I saved that out and it was 76KB of data. I reduced the raw audio data that will be recreated in
system memory by Android, by 517% (81% less data).
I just showed you three different levels (sample resolution, stereo vs. mono, and sample duration)
of raw audio data reduction (you can think of this as memory usage once the digital audio data has
been decompressed by the Android OS into system memory).

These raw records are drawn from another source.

text \<open>The prescribed values are automatically consistent: the norm bound applied to a
  vanishing combination forces the corresponding combination of values to vanish.\<close>

lemma contractive_functional_on_span2:
  assumes bound: "\<And>a b. cmod (a * \<alpha> + b * \<beta>) \<le> norm (scal a u + scal b v)"
  obtains F where "contractive_functional F" "F u = \<alpha>" "F v = \<beta>"
proof -
  define V where "V = {scal a u + scal b v | a b. True}"
  have wd: "a * \<alpha> + b * \<beta> = a' * \<alpha> + b' * \<beta>"
    if "scal a u + scal b v = scal a' u + scal b' v" for a b a' b'
  proof -
    have "scal (a - a') u + scal (b - b') v = 0" using that by (simp add: scal_diff_left algebra_simps)
    thus ?thesis using bound[of "a - a'" "b - b'"] by (simp add: algebra_simps)
  qed
  define f where "f w = (SOME c. \<exists>a b. w = scal a u + scal b v \<and> c = a * \<alpha> + b * \<beta>)" for w
  have fv: "f (scal a u + scal b v) = a * \<alpha> + b * \<beta>" for a b
    unfolding f_def
  proof (rule some_equality)
    fix c assume "\<exists>a' b'. scal a u + scal b v = scal a' u + scal b' v \<and> c = a' * \<alpha> + b' * \<beta>"
    thus "c = a * \<alpha> + b * \<beta>" using wd by metis
  qed (rule exI[of _ a], rule exI[of _ b], simp)
  have sum: "(scal a u + scal b v) + (scal a' u + scal b' v) = scal (a + a') u + scal (b + b') v"
    for a b a' b' by (simp add: scal_add_left algebra_simps)
  have mult: "scal c (scal a u + scal b v) = scal (c * a) u + scal (c * b) v" for c a b
    by (simp add: scal_add_right scal_scal)
  obtain F where F: "contractive_functional F" "\<And>w. w \<in> V \<Longrightarrow> F w = f w"
  proof (rule complex_hahn_banach[of V f])
    show "0 \<in> V" unfolding V_def by (rule CollectI, rule exI[of _ 0], rule exI[of _ 0]) simp
    fix x y assume "x \<in> V" "y \<in> V"
    then obtain a b a' b' where xy: "x = scal a u + scal b v" "y = scal a' u + scal b' v"
      unfolding V_def by blast
    show "x + y \<in> V" unfolding xy sum V_def by blast
    show "f (x + y) = f x + f y" unfolding xy sum fv by (simp add: algebra_simps)
    show "scal c x \<in> V" for c unfolding xy mult V_def by blast
    show "f (scal c x) = c * f x" for c unfolding xy mult fv by (simp add: algebra_simps)
    show "cmod (f x) \<le> norm x" unfolding xy fv by (rule bound)
  qed (rule that)
  have "u = scal 1 u + scal 0 v" "v = scal 0 u + scal 1 v" by simp_all
  hence "u \<in> V" "v \<in> V" unfolding V_def by blast+
  moreover have "f u = \<alpha>" "f v = \<beta>" using fv[of 1 0] fv[of 0 1] by simp_all
  ultimately show ?thesis using that F by simp
qed

lemma norming_functional:
  obtains F where "contractive_functional F" "F y = complex_of_real (norm y)"
  by (rule contractive_functional_on_span2[of "complex_of_real (norm y)" 0 y 0])
     (simp_all add: norm_scal norm_mult)

theorem spectrum_value_functional:
  assumes mu: "\<mu> \<in> spectrum x"
  obtains F where "contractive_functional F" "F 1 = 1" "F x = \<mu>"
proof (rule contractive_functional_on_span2)
  fix a b
  show "cmod (a * 1 + b * \<mu>) \<le> norm (scal a 1 + scal b x)"
  proof (cases "b = 0")
    case False
    have "scal a 1 + scal b x - scal (a + b * \<mu>) 1 = scal b (x - scal \<mu> 1)"
      by (simp add: scal_diff_right scal_add_left scal_scal algebra_simps)
    moreover have "\<not> invertible_elem (scal b (x - scal \<mu> 1))"
    proof
      assume "invertible_elem (scal b (x - scal \<mu> 1))"
      from invertible_elem_scal[of "1/b", OF _ this]
      show False using mu False unfolding spectrum_def by (simp add: scal_scal)
    qed
    ultimately have "a + b * \<mu> \<in> spectrum (scal a 1 + scal b x)" unfolding spectrum_def by simp
    thus ?thesis using spectrum_norm_le by simp
  qed (simp add: norm_scal)
qed

lemma norm_sa_plus_imaginary:
  assumes sa: "star h = h"
  shows "(norm (h + scal (\<i> * complex_of_real t) 1))\<^sup>2 \<le> (norm h)\<^sup>2 + t * t"
proof -
  define c where "c = \<i> * complex_of_real t"
  define y where "y = h + scal c 1"
  have sy: "star y = h - scal c 1"
    unfolding y_def c_def using sa by (simp add: star_add star_scal scal_minus_left)
  have "(h - scal c 1) * (h + scal c 1) = h * h - scal (c * c) 1"
    by (simp add: algebra_simps scal_one_mult mult_scal_one scal_mult_both scal_diff_right scal_scal)
  also have "c * c = - complex_of_real (t * t)" unfolding c_def by (simp add: algebra_simps)
  finally have "star y * y = h * h + scal (complex_of_real (t * t)) 1"
    unfolding sy unfolding y_def by (simp add: scal_minus_left)
  hence "(norm y)\<^sup>2 = norm (h * h + scal (complex_of_real (t * t)) 1)" by (simp add: cstar_identity[symmetric])
  also have "\<dots> \<le> norm (h * h) + t * t"
    using norm_triangle_ineq[of "h * h" "scal (complex_of_real (t * t)) 1"] by (simp add: norm_mult)
  also have "\<dots> \<le> (norm h)\<^sup>2 + t * t" using norm_mult_ineq[of h h] by (simp add: power2_eq_square)
  finally show ?thesis unfolding y_def c_def .
qed

text \<open>If \<open>F h = a + i b\<close> with \<open>b \<noteq> 0\<close>, then \<open>F (h + i t) = a + i (b + t)\<close>, whose modulus grows
  like \<open>|t| + sign(t) b\<close> while \<open>\<parallel>h + i t\<parallel>\<close> grows only like \<open>|t|\<close>.\<close>

lemma contractive_unital_sa_real:
  assumes F: "contractive_functional F" "F 1 = 1" and sa: "star h = h"
  shows "Im (F h) = 0"
proof (rule ccontr)
  assume b0: "Im (F h) \<noteq> 0"
  define a where "a = Re (F h)"
  define b where "b = Im (F h)"
  define t where "t = ((norm h)\<^sup>2 + 1) / (2 * b)"
  have lin: "clinear_functional scal F" and bd: "\<And>y. cmod (F y) \<le> norm y"
    using contractive_functionalD[OF F(1)] by auto
  have "F (h + scal (\<i> * complex_of_real t) 1) = Complex a (b + t)"
    using lin F(2) by (simp add: clinear_add clinear_scal a_def b_def complex_eq_iff)
  hence "(cmod (Complex a (b + t)))\<^sup>2 \<le> (norm (h + scal (\<i> * complex_of_real t) 1))\<^sup>2"
    using bd by (metis norm_ge_zero power_mono)
  also have "\<dots> \<le> (norm h)\<^sup>2 + t * t" by (rule norm_sa_plus_imaginary[OF sa])
  finally have "a\<^sup>2 + (b + t)\<^sup>2 \<le> (norm h)\<^sup>2 + t * t" by (simp add: cmod_def)
  hence "2 * b * t \<le> (norm h)\<^sup>2 - a\<^sup>2 - b\<^sup>2" by (simp add: power2_eq_square algebra_simps)
  moreover have "2 * b * t = (norm h)\<^sup>2 + 1" unfolding t_def using b0 b_def by simp
  ultimately show False by (smt (verit) zero_le_power2)
qed

lemma spectrum_sa_Im:
  assumes "star h = h" and "\<mu> \<in> spectrum h"
  shows "Im \<mu> = 0"
  using assms contractive_unital_sa_real spectrum_value_functional by metis

lemma spectrum_sa_real: "star h = h \<Longrightarrow> \<mu> \<in> spectrum h \<Longrightarrow> \<mu> = complex_of_real (Re \<mu>)"
  using spectrum_sa_Im[of h \<mu>] by (simp add: complex_eq_iff)

end

section \<open>The norm of a self-adjoint element is a spectral value\<close>

lemma open_superset_cball_one_enlarge:
  fixes U :: "'a::{real_normed_vector,heine_borel} set"
  assumes U: "open U" and cb: "cball 0 1 \<subseteq> U"
  obtains r where "r > 1" "cball 0 r \<subseteq> U"
proof -
  obtain e where e: "e > 0" "(\<Union>x\<in>cball 0 1. ball x e) \<subseteq> U"
    using compact_subset_open_imp_ball_epsilon_subset[OF compact_cball U cb] by blast
  have "cball 0 (1 + e/2) \<subseteq> U"
  proof
    fix z :: 'a assume z: "z \<in> cball 0 (1 + e/2)"
    show "z \<in> U"
    proof (cases "norm z \<le> 1")
      case True thus ?thesis using e by fastforce
    next
      case False
      define x where "x = (1 / norm z) *\<^sub>R z"
      have x: "x \<in> cball 0 1" using False unfolding x_def by simp
      have "z - x = (1 - 1 / norm z) *\<^sub>R z" unfolding x_def by (simp add: algebra_simps)
      hence "norm (z - x) = \<bar>1 - 1 / norm z\<bar> * norm z" by simp
      also have "\<dots> = (1 - 1 / norm z) * norm z" using False by (simp add: abs_of_nonneg field_simps)
      also have "\<dots> = norm z - 1" using False by (cases "z = 0") (simp_all add: field_simps)
      finally have "dist x z = norm z - 1" by (simp add: dist_norm norm_minus_commute)
      hence "z \<in> ball x e" using z e by simp
      thus ?thesis using e x by blast
    qed
  qed
  thus ?thesis using that[of "1 + e/2"] e by simp
qed

context unital_cstar_algebra
begin

text \<open>We work with \<open>(1 - z k)\<^sup>-\<^sup>1\<close> rather than the usual resolvent \<open>(k - z)\<^sup>-\<^sup>1\<close>: it is defined on
  a neighbourhood of \<open>0\<close>, where it is the sum of the Neumann series \<open>\<Sum> z\<^sup>n k\<^sup>n\<close>, so Cauchy's
  estimates bound \<open>\<parallel>k\<^sup>n\<parallel>\<close> as long as the function stays holomorphic.\<close>

definition inv_resolvent :: "'a \<Rightarrow> complex \<Rightarrow> 'a" where
  "inv_resolvent k z = inverse_elem (1 - scal z k)"

lemma continuous_one_minus_scal: "continuous (at z) (\<lambda>z. 1 - scal z k)"
proof -
  have "(\<lambda>z. 1 - scal z k) = (\<lambda>z. 1 - (Re z *\<^sub>R k + Im z *\<^sub>R scal \<i> k))"
    by (rule ext) (rule arg_cong[where f="\<lambda>t. 1 - t"], rule scal_decomp)
  thus ?thesis
    by (simp add: continuous_intros linear_continuous_at[OF bounded_linear_Re]
        linear_continuous_at[OF bounded_linear_Im])
qed

lemma open_inv_resolvent_domain: "open {z. invertible_elem (1 - scal z k)}"
proof -
  have "open ((\<lambda>z. 1 - scal z k) -` {x. invertible_elem x})"
    by (intro continuous_open_vimage open_invertible_elem continuous_one_minus_scal)
  thus ?thesis by (simp add: vimage_def)
qed

lemma isCont_inv_resolvent:
  assumes "invertible_elem (1 - scal w k)"
  shows "isCont (inv_resolvent k) w"
  unfolding inv_resolvent_def
  by (rule isCont_o2[OF continuous_one_minus_scal isCont_inverse_elem[OF assms]])

lemma inv_resolvent_diff:
  assumes iz: "invertible_elem (1 - scal z k)" and iw: "invertible_elem (1 - scal w k)"
  shows "inv_resolvent k z - inv_resolvent k w
           = scal (z - w) (inv_resolvent k z * k * inv_resolvent k w)"
proof -
  define R where "R = inv_resolvent k"
  have a: "R z * (1 - scal w k) * R w = R z"
    using inverse_elem_right[OF iw] unfolding R_def inv_resolvent_def by (simp add: mult.assoc)
  have b: "R z * (1 - scal z k) * R w = R w"
    using inverse_elem_left[OF iz] unfolding R_def inv_resolvent_def by simp
  have "R z - R w = R z * ((1 - scal w k) - (1 - scal z k)) * R w"
    using a b by (simp add: algebra_simps)
  also have "(1 - scal w k) - (1 - scal z k) = scal (z - w) k" by (simp add: scal_diff_left)
  also have "R z * scal (z - w) k * R w = scal (z - w) (R z * k * R w)"
    by (simp add: scal_mult_left[symmetric] scal_mult_right[symmetric])
  finally show ?thesis unfolding R_def .
qed

lemma functional_inv_resolvent_has_derivative:
  assumes l: "contractive_functional l" and w: "invertible_elem (1 - scal w k)"
  shows "((\<lambda>z. l (inv_resolvent k z)) has_field_derivative
           l (inv_resolvent k w * k * inv_resolvent k w)) (at w)"
proof -
  define R where "R = inv_resolvent k"
  define U where "U = {z. invertible_elem (1 - scal z k)}"
  have lc: "clinear_functional scal l" using contractive_functionalD(1)[OF l] .
  have "bounded_linear (\<lambda>y. l (y * (k * R w)))"
    using bounded_linear_compose[OF contractive_functional_bounded_linear[OF l]
        bounded_linear_mult_left] by simp
  hence "isCont (\<lambda>z. l (R z * (k * R w))) w"
    unfolding R_def by (rule isCont_o2[OF isCont_inv_resolvent[OF w] linear_continuous_at])
  hence lim: "((\<lambda>z. l (R z * k * R w)) \<longlongrightarrow> l (R w * k * R w)) (at w)"
    unfolding isCont_def by (simp add: mult.assoc)
  have "((\<lambda>z. (l (R z) - l (R w)) / (z - w)) \<longlongrightarrow> l (R w * k * R w)) (at w)"
  proof (rule Lim_transform_within_open[OF lim])
    show "open U" "w \<in> U" unfolding U_def using open_inv_resolvent_domain w by auto
    fix z assume z: "z \<in> U" "z \<noteq> w"
    have "l (R z) - l (R w) = (z - w) * l (R z * k * R w)"
      using inv_resolvent_diff[of z k w] z w unfolding U_def R_def
      by (simp add: clinear_diff[OF lc, symmetric] clinear_scal[OF lc])
    thus "l (R z * k * R w) = (l (R z) - l (R w)) / (z - w)" using z by simp
  qed
  thus ?thesis unfolding R_def by (simp add: has_field_derivative_iff)
qed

And this is before you even get into
file size optimization using various encoders.
Codec optimization will affect your app’s APK file size, but when the audio sample needs to play
back inside your app, this audio sample still needs to be recreated in (decompressed into) system
memory, before it can be “triggered” by the SoundPool engine.
Therefore, there are really two stages to audio optimization—what you do to the raw audio wave
sample prior to encoding, relating to sample resolution, sample frequency, sample duration, and
mono versus stereo sample playback, and what you do as you export into various codecs using
settings to ascertain how much APK file size they can save your app.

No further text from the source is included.